Cancer Genetics, Inc. (CGI) acquired vivoPharm for approximately $12m. The acquisition was funded by an equity financing arrangement for up to $16m.
“The acquisition was heavily driven for us to get more into preclinical and discovery services,” Panna Sharma, CEO and president of Cancer Genetics, Inc., told Outsourcing-Pharma.com.
According to Sharma, the company’s discovery business was about 5% of revenue prior to acquiring vivoPharm. Going forward, Sharma said he expects discovery services to be north of $6m.
Dr. Ralf Brandt, CEO and managing director of vivoPharm, will lead CGI’s discovery services offering as the new President of CGI Discovery and Early Development Services.
As for vivoPharm’s other employees, Sharma said CGI plans on keeping all jobs in place and doesn’t expect any redundancies. “If anything we’ll be investing more because we would like discovery services to be a double digit figure on our PNL [profit and loss],” he said.
Sharma also noted that the acquisition fills a gap for the company in Asia Pacific where many of the CGI’s clients are running clinical trials.

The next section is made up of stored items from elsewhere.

(* Let $k>0$ and $g(u;a)=u(1-u)(u-a)$. Define $$a_*^-(k)=1-\frac{2}{\sqrt{4k+1}+1},\qquad a_1^-(k)=\max\Big\{1-\frac{2}{2\sqrt k+1},0\Big\},$$ and for $0\le a\le a_*^-(k)$, $$d^-_{\min}(a,k)=\frac{2a^2k-a+2k-2(a+1)\sqrt k\sqrt{ka^2-a(2k+1)+k}}{(4k+1)^2},$$ $$d^-_{\max}(a,k)=\begin{cases}\dfrac{(1-a)^2}{4}, & a\in[0,a_1^-(k)),\\[2mm] \dfrac{2a^2k-a+2k+2(a+1)\sqrt k\sqrt{ka^2-a(2k+1)+k}}{(4k+1)^2}, & a\in[a_1^-(k),a_*^-(k)].\end{cases}$$ Then: (i) $d^-_{\min},d^-_{\max}\in C([0,a_*^-(k)]\times(0,\infty);\mathbb R)$ and $0\le d^-_{\min}(a,k)\le d^-_{\max}(a,k)\le d^-(a)$ for all $a\in[0,a_*^-(k)]$, where $d^-(a)=\max_{y\in(a,1)}g(y;a)/y$; (ii) $d^-_{\max}(a_*^-(k),k)=d^-_{\min}(a_*^-(k),k)$; (iii) $$\mathcal D^-(k)=\{(a,d)\in\mathcal H:\ a<a_*^-(k),\ d^-_{\min}(a,k)<d<d^-_{\max}(a,k)\}.$$
   Context: Let $\mathcal H=(0,1)\times(0,\infty)$. For $k>0$, $a\in(0,1)$, $A\in(0,1)$ let $$d^\diamond(A;a)=\inf\{d>0:\ d(k+1)(A-v)-g(A;a)\ge -g(v;a)\ \text{for all }v\in[0,A]\},$$ and $$\mathcal D^-(k)=\Big\{(a,d)\in\mathcal H:\ d^\diamond(A;a)<d<\frac{g(A;a)}{A}\ \text{for some }A\in(a,1)\Big\},$$ with $g$ the cubic above. *)

theory Defs
  imports "HOL-Analysis.Analysis"
begin

definition g :: "real \<Rightarrow> real \<Rightarrow> real" where
  "g u a = u * (1 - u) * (u - a)"

definition H :: "(real \<times> real) set" where
  "H = {0<..<1} \<times> {0<..}"

definition d_diamond :: "real \<Rightarrow> real \<Rightarrow> real \<Rightarrow> real" where
  "d_diamond k A a = Inf {d. d > 0 \<and>
      (\<forall>v\<in>{0..A}. d * (k + 1) * (A - v) - g A a \<ge> - g v a)}"

definition D_minus :: "real \<Rightarrow> (real \<times> real) set" where
  "D_minus k = {(a, d). (a, d) \<in> H \<and>
      (\<exists>A\<in>{a<..<1}. d_diamond k A a < d \<and> d < g A a / A)}"

definition d_minus :: "real \<Rightarrow> real" where
  "d_minus a = Sup ((\<lambda>y. g y a / y) ` {a<..<1})"

definition a_star_minus :: "real \<Rightarrow> real" where
  "a_star_minus k = 1 - 2 / (sqrt (4 * k + 1) + 1)"

definition a1_minus :: "real \<Rightarrow> real" where
  "a1_minus k = max (1 - 2 / (2 * sqrt k + 1)) 0"

definition d_min :: "real \<Rightarrow> real \<Rightarrow> real" where
  "d_min a k = (2 * a^2 * k - a + 2 * k
      - 2 * (a + 1) * sqrt k * sqrt (k * a^2 - a * (2 * k + 1) + k)) / (4 * k + 1)^2"

definition d_max :: "real \<Rightarrow> real \<Rightarrow> real" where
  "d_max a k = (if a < a1_minus k then (1 - a)^2 / 4
     else (2 * a^2 * k - a + 2 * k
      + 2 * (a + 1) * sqrt k * sqrt (k * a^2 - a * (2 * k + 1) + k)) / (4 * k + 1)^2)"

end

(*
  Since g(A) - g(v) = (A - v) s(A, v) with s the secant slope of g, d_diamond(A; a) is the
  maximum of s(A, .) on [0, A] divided by k + 1, while g(A)/A = (1 - A)(A - a) =: U(A).
  So (a, d) lies in D^-(k) iff some A in (a, 1) has max s(A, .) < (k + 1) d < (k + 1) U(A).
  For A >= (1 + a)/3 that maximum is q(A), the unconstrained maximum of the quadratic s(A, .),
  and q(A) < (k + 1) U(A) holds exactly between the two roots A_- <= A_+ of a quadratic whose
  discriminant is a positive multiple of k a^2 - a (2k + 1) + k, i.e. positive iff a < a_*^-(k);
  a smaller admissible A forces the same inequality at (1 + a)/3. As q decreases on
  [(1 + a)/3, 1] and U decreases past its vertex (1 + a)/2, the admissible d fill the interval
  between U(A_+) = d_min and U(max(A_-, (1 + a)/2)) = d_max; the case split at a_1^- in d_max
  is where A_- crosses the vertex.
*)

theory Submission
  imports Defs
begin

definition secant :: "real \<Rightarrow> real \<Rightarrow> real \<Rightarrow> real" where
  "secant a A v = (1 + a) * (A + v) - (A^2 + A * v + v^2) - a"
definition secant_max :: "real \<Rightarrow> real \<Rightarrow> real" where
  "secant_max a A = (1 + a - A) * (1 + a + 3 * A) / 4 - a"
definition g_ratio :: "real \<Rightarrow> real \<Rightarrow> real" where
  "g_ratio a A = (1 - A) * (A - a)"
definition disc :: "real \<Rightarrow> real \<Rightarrow> real" where
  "disc k a = k * a^2 - a * (2 * k + 1) + k"
definition root_lo :: "real \<Rightarrow> real \<Rightarrow> real" where
  "root_lo k a = ((2 * k + 1) * (1 + a) - 2 * sqrt k * sqrt (disc k a)) / (4 * k + 1)"
definition root_hi :: "real \<Rightarrow> real \<Rightarrow> real" where
  "root_hi k a = ((2 * k + 1) * (1 + a) + 2 * sqrt k * sqrt (disc k a)) / (4 * k + 1)"

definition admissible :: "real \<Rightarrow> real \<Rightarrow> real \<Rightarrow> real \<Rightarrow> bool" where
  "admissible k a d A \<longleftrightarrow>
     a < A \<and> A < 1 \<and> (\<forall>v\<in>{0..A}. secant a A v < (k + 1) * d) \<and> d < g_ratio a A"

lemma g_diff_eq_secant: "g A a - g v a = (A - v) * secant a A v"
  unfolding g_def secant_def by (simp add: algebra_simps power2_eq_square)

lemma g_div_eq_g_ratio: "A \<noteq> 0 \<Longrightarrow> g A a / A = g_ratio a A"
  unfolding g_def g_ratio_def by (simp add: field_simps)

lemma secant_at_zero: "secant a A 0 = g_ratio a A"
  unfolding secant_def g_ratio_def by (simp add: algebra_simps power2_eq_square)

lemma secant_le_secant_max: "secant a A v \<le> secant_max a A"
proof -
  have "secant_max a A - secant a A v = (v - (1 + a - A) / 2)^2"
    unfolding secant_max_def secant_def by (simp add: field_simps power2_eq_square)
  then show ?thesis by (metis diff_ge_0_iff_ge zero_le_power2)
qed

lemma secant_at_vertex: "secant a A ((1 + a - A) / 2) = secant_max a A"
  unfolding secant_max_def secant_def by (simp add: field_simps power2_eq_square)

lemma secant_max_antimono:
  assumes "(1 + a) / 3 \<le> y" "y \<le> x" shows "secant_max a x \<le> secant_max a y"
proof -
  have "secant_max a y - secant_max a x = (x - y) * (3 * (x + y) - 2 * (1 + a)) / 4"
    unfolding secant_max_def by (simp add: field_simps)
  moreover have "0 \<le> (x - y) * (3 * (x + y) - 2 * (1 + a))"
    using assms by (intro mult_nonneg_nonneg) auto
  ultimately show ?thesis by linarith
qed

lemma secant_max_one_minus: "secant_max a (1 - a) = a * (1 - a)"
  unfolding secant_max_def by (simp add: field_simps power2_eq_square)

lemma secant_diag_self: "secant a a a = a * (1 - a)"
  unfolding secant_def by (simp add: algebra_simps power2_eq_square)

vivoPharm operates approximately 14,000 square feet of AAALAC-accredited and GLP-compliant laboratories in Melbourne, Australia, and Hershey, Pennsylvania. It also has a location in Munich, Germany, which is dedicated to project management, client services, and clinical affairs.
“From a customer mix it was actually quite perfect,” Sharma added. “Because our customers are heavily big biotech and pharma [and] their customers tend to be smaller pharma and medium sized biotech.”
“So very synergistic from a customer and geography standpoint beyond the capabilities,” he said.
In addition to providing near term revenue growth, Sharma said the acquisition also diversifies the CGI’s business model – “from being a fee for service provider … to try and migrate into being a fully integrated drug discovery company.”
By bringing these capabilities in house Sharma said it allows CGI to be a fully integrated discovery company and to then partner out with pharma and biotech for later phases. “We’ll be looking for programs that we can license,” he added.
Racing to find new indications
CGI sees a lot of demand from immune-oncology (IO) companies, Sharma explained, as well as from companies that have targeted therapy programs in oncology.
“They are both looking at taking existing patient or clinical data and going back to efficacy models, vivo work, PDx [patient derived xenograft] models, and beginning those studies to see what are those extensions they can do for their existing IO programs or potentially new IO targets,” he said.
“There’s a lot of very good agents now that are in Ph IIb or Ph III … that everyone is basically racing to find new indications for,” he said, adding that “the new indications are going to come from preclinical, efficacy models, and maybe some in silico work.”